In downtown Milwaukee, hotel occupancy rates for the first seven months of 2013 trailed 2012 occupancy rates, but occupancy rates in August, September, October and November were higher in 2013 than in 2012.

The 2013 hotel numbers were certainly boosted by Harley-Davidson Molor Co. Inc.’s 110th Anniversary celebration in late August.

Major events that will help fill downtown hotel rooms in 2014 will include: the International Institute of Municipal Clerks annual conference (5,520 room nights), the International Society on Thrombosis and Haemostasis annual meeting (5,125 room nights), the International Society of Arboriculture annual conference and trade show (3,945 room nights) and the NCAA men’s basketball tournament (3,239 room nights), according to Visit Milwaukee.

Hanis predicts the opening of the 381-room Potawatomi Casino hotel will lower the downtown area hotel market’s occupancy rate to about 63.6 percent in 2014, but then the market’s occupancy rate will rise to 64.5 percent in 2015 and between 65 and 67 percent in 2016. He expects the market to return to its 2013 occupancy rate in three years or less.

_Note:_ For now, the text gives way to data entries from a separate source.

(* Let $m$ be an odd positive integer and let $D_{2m}=\langle a,b\mid a^m=b^2=1,\ b^{-1}ab=a^{-1}\rangle$ be the dihedral group of order $2m$. For every prime $p$ dividing $m$ write $m=p^{k_p}m_p$ with $p\nmid m_p$, and let "$u\in_p\langle v\rangle$" abbreviate $\bigvee_{j=0}^{p^{k_p}-1}(u=v^j)$. Then the following d-identities form a basis of d-identities of $D_{2m}$ (i.e. they all hold in $D_{2m}$, and every group satisfying all of them is isomorphic to a section of $D_{2m}$): (1) $\omega_{2m}=\bigvee_{0\le i<j\le 2m}(x_i=x_j)$; (2) $(x^2=1)\vee(y^2=1)\vee(xy=yx)$; (3) $(x^2=1)\vee(x^m=1)$; (4) for every prime $p$ dividing $m$: $(x_1^2=1)\vee(x_2^2=1)\vee(x_1^{m_p}\in_p\langle x_2^{m_p}\rangle)\vee(x_2^{m_p}\in_p\langle x_1^{m_p}\rangle)$; (5) $(x_1^m=1)\vee(x_2^m=1)\vee((x_1x_2)^m=1)$.
   Context: A d-identity (disjunctive identity) is a universally quantified formula $\forall x_1\dots x_k\,[(f_1=1)\vee\dots\vee(f_n=1)]$ with the $f_i$ words in the free group on the variables; $u=v$ abbreviates $uv^{-1}=1$. A group satisfies it if it is true for all assignments of group elements. For a group $G$, $\mathrm{dvar}(G)$ is the class of groups satisfying every d-identity satisfied by $G$; for finite $G$ it is exactly the class of groups isomorphic to sections (quotients of subgroups) of $G$. A set of d-identities is a basis of d-identities of $G$ if all its members hold in $G$ and every group satisfying them lies in $\mathrm{dvar}(G)$. *)

theory Defs
  imports "HOL-Algebra.Algebra" "HOL-Computational_Algebra.Primes"
begin

text \<open>Concrete model of the dihedral group D_{2m} of order 2m: the element (i, s)
  stands for a^i b^(if s then 1 else 0), with 0 <= i < m. Using b a^j = a^(-j) b,
  (a^i b^s)(a^j b^t) = a^(i +- j) b^(s+t).\<close>
definition dihedral :: "nat \<Rightarrow> (nat \<times> bool) monoid" where
  "dihedral m = \<lparr> carrier = {0..<m} \<times> UNIV,
     monoid.mult = (\<lambda>(i, s) (j, t). ((if s then i + (m - j) else i + j) mod m, s \<noteq> t)),
     one = (0, False) \<rparr>"

definition is_section_of :: "('b, 'c) monoid_scheme \<Rightarrow> ('a, 'd) monoid_scheme \<Rightarrow> bool" where
  "is_section_of H G \<longleftrightarrow> (\<exists>K N. subgroup K G \<and> normal N (G\<lparr>carrier := K\<rparr>)
      \<and> H \<cong> (G\<lparr>carrier := K\<rparr>) Mod N)"

definition did1 :: "nat \<Rightarrow> ('a, 'b) monoid_scheme \<Rightarrow> bool" where
  "did1 m G \<longleftrightarrow> (\<forall>x :: nat \<Rightarrow> 'a. (\<forall>i\<le>2*m. x i \<in> carrier G) \<longrightarrow>
      (\<exists>i j. i < j \<and> j \<le> 2*m \<and> x i = x j))"

definition did2 :: "('a, 'b) monoid_scheme \<Rightarrow> bool" where
  "did2 G \<longleftrightarrow> (\<forall>x\<in>carrier G. \<forall>y\<in>carrier G.
      x [^]\<^bsub>G\<^esub> (2::nat) = \<one>\<^bsub>G\<^esub> \<or> y [^]\<^bsub>G\<^esub> (2::nat) = \<one>\<^bsub>G\<^esub> \<or> x \<otimes>\<^bsub>G\<^esub> y = y \<otimes>\<^bsub>G\<^esub> x)"

definition did3 :: "nat \<Rightarrow> ('a, 'b) monoid_scheme \<Rightarrow> bool" where
  "did3 m G \<longleftrightarrow> (\<forall>x\<in>carrier G.
      x [^]\<^bsub>G\<^esub> (2::nat) = \<one>\<^bsub>G\<^esub> \<or> x [^]\<^bsub>G\<^esub> m = \<one>\<^bsub>G\<^esub>)"

definition in_p :: "nat \<Rightarrow> nat \<Rightarrow> ('a, 'b) monoid_scheme \<Rightarrow> 'a \<Rightarrow> 'a \<Rightarrow> bool" where
  "in_p m p G u v \<longleftrightarrow> (\<exists>j < p ^ multiplicity p m. u = v [^]\<^bsub>G\<^esub> j)"

definition did4 :: "nat \<Rightarrow> nat \<Rightarrow> ('a, 'b) monoid_scheme \<Rightarrow> bool" where
  "did4 m p G \<longleftrightarrow> (let mp = m div p ^ multiplicity p m in
     \<forall>x1\<in>carrier G. \<forall>x2\<in>carrier G.
      x1 [^]\<^bsub>G\<^esub> (2::nat) = \<one>\<^bsub>G\<^esub> \<or> x2 [^]\<^bsub>G\<^esub> (2::nat) = \<one>\<^bsub>G\<^esub>
      \<or> in_p m p G (x1 [^]\<^bsub>G\<^esub> mp) (x2 [^]\<^bsub>G\<^esub> mp)
      \<or> in_p m p G (x2 [^]\<^bsub>G\<^esub> mp) (x1 [^]\<^bsub>G\<^esub> mp))"

definition did5 :: "nat \<Rightarrow> ('a, 'b) monoid_scheme \<Rightarrow> bool" where
  "did5 m G \<longleftrightarrow> (\<forall>x1\<in>carrier G. \<forall>x2\<in>carrier G.
      x1 [^]\<^bsub>G\<^esub> m = \<one>\<^bsub>G\<^esub> \<or> x2 [^]\<^bsub>G\<^esub> m = \<one>\<^bsub>G\<^esub>
      \<or> (x1 \<otimes>\<^bsub>G\<^esub> x2) [^]\<^bsub>G\<^esub> m = \<one>\<^bsub>G\<^esub>)"

definition satisfies_all :: "nat \<Rightarrow> ('a, 'b) monoid_scheme \<Rightarrow> bool" where
  "satisfies_all m G \<longleftrightarrow> did1 m G \<and> did2 G \<and> did3 m G
     \<and> (\<forall>p::nat. Factorial_Ring.prime p \<and> p dvd m \<longrightarrow> did4 m p G) \<and> did5 m G"

end

theory Submission
  imports Defs
begin

text \<open>Identity (1) bounds the order of a group \<open>G\<close> satisfying the identities by \<open>2m\<close>. Since
  \<open>m\<close> is odd, a nontrivial \<open>x\<close> with \<open>x\<^sup>m = 1\<close> is not an involution, so by (2) these
  elements commute and form an abelian subgroup \<open>N\<close>; by (3) every element outside \<open>N\<close> is an
  involution, and by (5) \<open>N\<close> has index at most 2. For each prime \<open>p\<close>, identity (4) says that
  the cyclic subgroups generated by the elements of the Sylow \<open>p\<close>-subgroup \<open>N\<^bsup>m\<^sub>p\<^esup>\<close>
  of \<open>N\<close> form a chain, so that Sylow subgroup is cyclic, and hence \<open>N = \<langle>g\<rangle>\<close>. An
  involution \<open>t \<notin> N\<close> inverts \<open>N\<close>, because \<open>(a t)\<^sup>2 = 1\<close> for \<open>a \<in> N\<close>. Therefore
  \<open>(i, s) \<mapsto> g\<^sup>i t\<^sup>s\<close> maps \<open>D\<^sub>2\<^sub>m\<close>, or its rotation subgroup when \<open>G = N\<close>, onto \<open>G\<close>,
  and \<open>G\<close> is a quotient of a subgroup of \<open>D\<^sub>2\<^sub>m\<close>.\<close>

lemma mod_mult_solvable:
  fixes i j q :: nat
  assumes "q > 0" "gcd j q dvd i"
  shows "\<exists>e<q. i mod q = j * e mod q"
proof (cases "j = 0")
  case True
  with assms show ?thesis by auto
next
  case False
  obtain x y where "j * x = q * y + gcd j q" using bezout_nat[OF False] by blast
  moreover obtain c where "i = gcd j q * c" using assms(2) by blast
  ultimately have "j * (x * c) = q * (y * c) + i" by (simp add: algebra_simps)
  then have "i mod q = j * (x * c) mod q" by (metis mod_mult_self3 mult.commute)
  then have "i mod q = j * (x * c mod q) mod q" by (simp add: mod_mult_right_eq)
  with assms(1) show ?thesis by (intro exI[of _ "x * c mod q"]) auto
qed

text \<open>In \<open>\<int>/p\<^sup>k\<close> the ideals generated by \<open>i\<close> and \<open>j\<close> are comparable, since their gcds
  with \<open>p\<^sup>k\<close> are both powers of \<open>p\<close>.\<close>

lemma prime_power_mod_mult_comparable:
  fixes p i j :: nat
  assumes "Factorial_Ring.prime p"
  shows "(\<exists>e < p ^ k. i mod p ^ k = j * e mod p ^ k) \<or> (\<exists>e < p ^ k. j mod p ^ k = i * e mod p ^ k)"
proof -
  have q: "p ^ k > 0" using assms by (simp add: prime_gt_0_nat)
  obtain a b where "gcd i (p ^ k) = p ^ a" "gcd j (p ^ k) = p ^ b"
    using divides_primepow_nat[OF assms] by (meson gcd_dvd2)
  then have "gcd j (p ^ k) dvd gcd i (p ^ k) \<or> gcd i (p ^ k) dvd gcd j (p ^ k)"
    by (metis le_imp_power_dvd nle_le)
  then have "gcd j (p ^ k) dvd i \<or> gcd i (p ^ k) dvd j"
    by (meson dvd_trans gcd_dvd1)
  then show ?thesis using mod_mult_solvable[OF q] by blast
qed

lemma prime_power_part_split:
  fixes n p :: nat
  assumes p: "Factorial_Ring.prime p" "p dvd n" and "n > 0"
  defines "q \<equiv> p ^ multiplicity p n"
  shows "n = q * (n div q)" "1 < q" "coprime q (n div q)"
    and "\<And>p'. Factorial_Ring.prime p' \<Longrightarrow> p' dvd n div q
      \<Longrightarrow> q * (n div q div p' ^ multiplicity p' (n div q)) = n div p' ^ multiplicity p' n"
proof -
  show n: "n = q * (n div q)" unfolding q_def by (simp add: multiplicity_dvd)
  have "multiplicity p n > 0" using assms by (simp add: prime_multiplicity_gt_zero_iff)
  then show "1 < q" unfolding q_def using prime_gt_1_nat[OF p(1)] one_less_power by blast
  have not_dvd: "\<not> p dvd n div q" unfolding q_def
    using multiplicity_decompose[of n p] \<open>n > 0\<close> prime_gt_1_nat[OF p(1)] by simp
  then show "coprime q (n div q)" unfolding q_def using p
    by (simp add: prime_imp_coprime coprime_power_left_iff)
  fix p' :: nat assume p': "Factorial_Ring.prime p'" "p' dvd n div q"
  have "\<not> p' dvd q"
  proof
    assume "p' dvd q"
    then have "p' = p" unfolding q_def using p'(1) p(1) by (metis prime_dvd_power primes_dvd_imp_eq)
    with p' not_dvd show False by simp
  qed
  have "q \<noteq> 0" "n div q \<noteq> 0" using n \<open>n > 0\<close> by (metis mult_0 mult_0_right not_gr0)+
  then have "multiplicity p' (q * (n div q)) = multiplicity p' (n div q)"
    using p'(1) \<open>\<not> p' dvd q\<close>
    by (simp add: prime_elem_multiplicity_mult_distrib not_dvd_imp_multiplicity_0)
  then show "q * (n div q div p' ^ multiplicity p' (n div q)) = n div p' ^ multiplicity p' n"
    using n by (metis div_mult_swap multiplicity_dvd)
qed

section \<open>The dihedral group\<close>

lemma dihedral_carrier [simp]: "carrier (dihedral m) = {0..<m} \<times> UNIV"
  by (simp add: dihedral_def)

lemma dihedral_one [simp]: "\<one>\<^bsub>dihedral m\<^esub> = (0, False)"
  by (simp add: dihedral_def)

lemma dihedral_mult [simp]:
  "(i, s) \<otimes>\<^bsub>dihedral m\<^esub> (j, t) = ((if s then i + (m - j) else i + j) mod m, s \<noteq> t)"
  by (simp add: dihedral_def)

text \<open>Associativity is easiest to check in \<open>\<int>\<close>, where the truncated subtraction \<open>m - j\<close>
  becomes an honest negation.\<close>

lemma dihedral_mult_int:
  assumes "j < m"
  shows "(i, s) \<otimes>\<^bsub>dihedral m\<^esub> (j, t)
    = (nat ((int i + (if s then - int j else int j)) mod int m), s \<noteq> t)"
proof -
  have "int (i + (m - j)) = (int i - int j) + int m" using assms by simp
  then have "int ((i + (m - j)) mod m) = (int i - int j) mod int m"
    by (metis mod_add_self2 of_nat_mod)
  then have "(i + (m - j)) mod m = nat ((int i - int j) mod int m)"
    by (metis nat_int)
  moreover have "(i + j) mod m = nat ((int i + int j) mod int m)"
    by (metis nat_int of_nat_add of_nat_mod)
  ultimately show ?thesis by simp
qed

The market had an occupancy rate of 65.4 percent for all of 2012.

“I’m not overly concerned,” Hanis said.

However, the impact of a casino hotel is hard to predict because it has a different business model than a traditional hotel, Hanis said. Casino hotels primarily exist to keep gamblers playing at the casino longer so they don’t go to their rooms and start using the non gamstop betting sites UK is generally famous for.

“The problem with a casino hotel, they use them for so many reasons: comp rooms, high rollers, etc.,” Hanis said. “It can be a loss leader. They don’t need to make a profit on the rooms.”

Some of the casino hotel rooms might not be available to the general public, which would reduce the hotel’s impact on supply and the occupancy rate of the overall market, Hanis said. Also, the tribe has said that most of its hotel guests will be new hotel visitors to Milwaukee and will increase the demand for the downtown area’s hotel market.

But the casino, subsidized by its own lucrative gambling revenues, has the ability to offer lower priced hotel rooms, which could reduce the average daily rate for the downtown Milwaukee area hotel market.

For the first 11 months of 2013 ADR was up 3.7 percent to $127.39 for the downtown Milwaukee hotel market. From 2007 through late 2013 the downtown Milwaukee hotel market’s ADR increased 7.6 percent, about 1.3 percent per year.

Nationally, ADR has been slow to rise since the Great Recession, even as hotel demand has recovered.

“That’s one of the areas where the hotel industry has been very slow to respond,” Hanis said. “Demand has come back, but hoteliers have been reluctant to go after the increased demand with higher rates. They got hit so hard during the recession they are scared to chase higher demand with higher rates at this point.”

Hanis predicts ADR for the downtown Milwaukee hotel market to rise to $129-130 by the end of 2014.

National hotel markets, including the downtown Milwaukee hotel market, had a big bounce-back in 2010 from the Great Recession and have experienced steady growth since, Hanis said.

“The market is probably stabilizing a bit,” he said. “You’re getting back to historic demand growth.”

And the demand growth for downtown Milwaukee area hotels has been enough to absorb the new supply, so far. Any fears of a hotel glut in the downtown market so far appear to be overblown.

“If (existing hotels) say the market can’t absorb the new supply, that’s not what the numbers show,” Hanis said.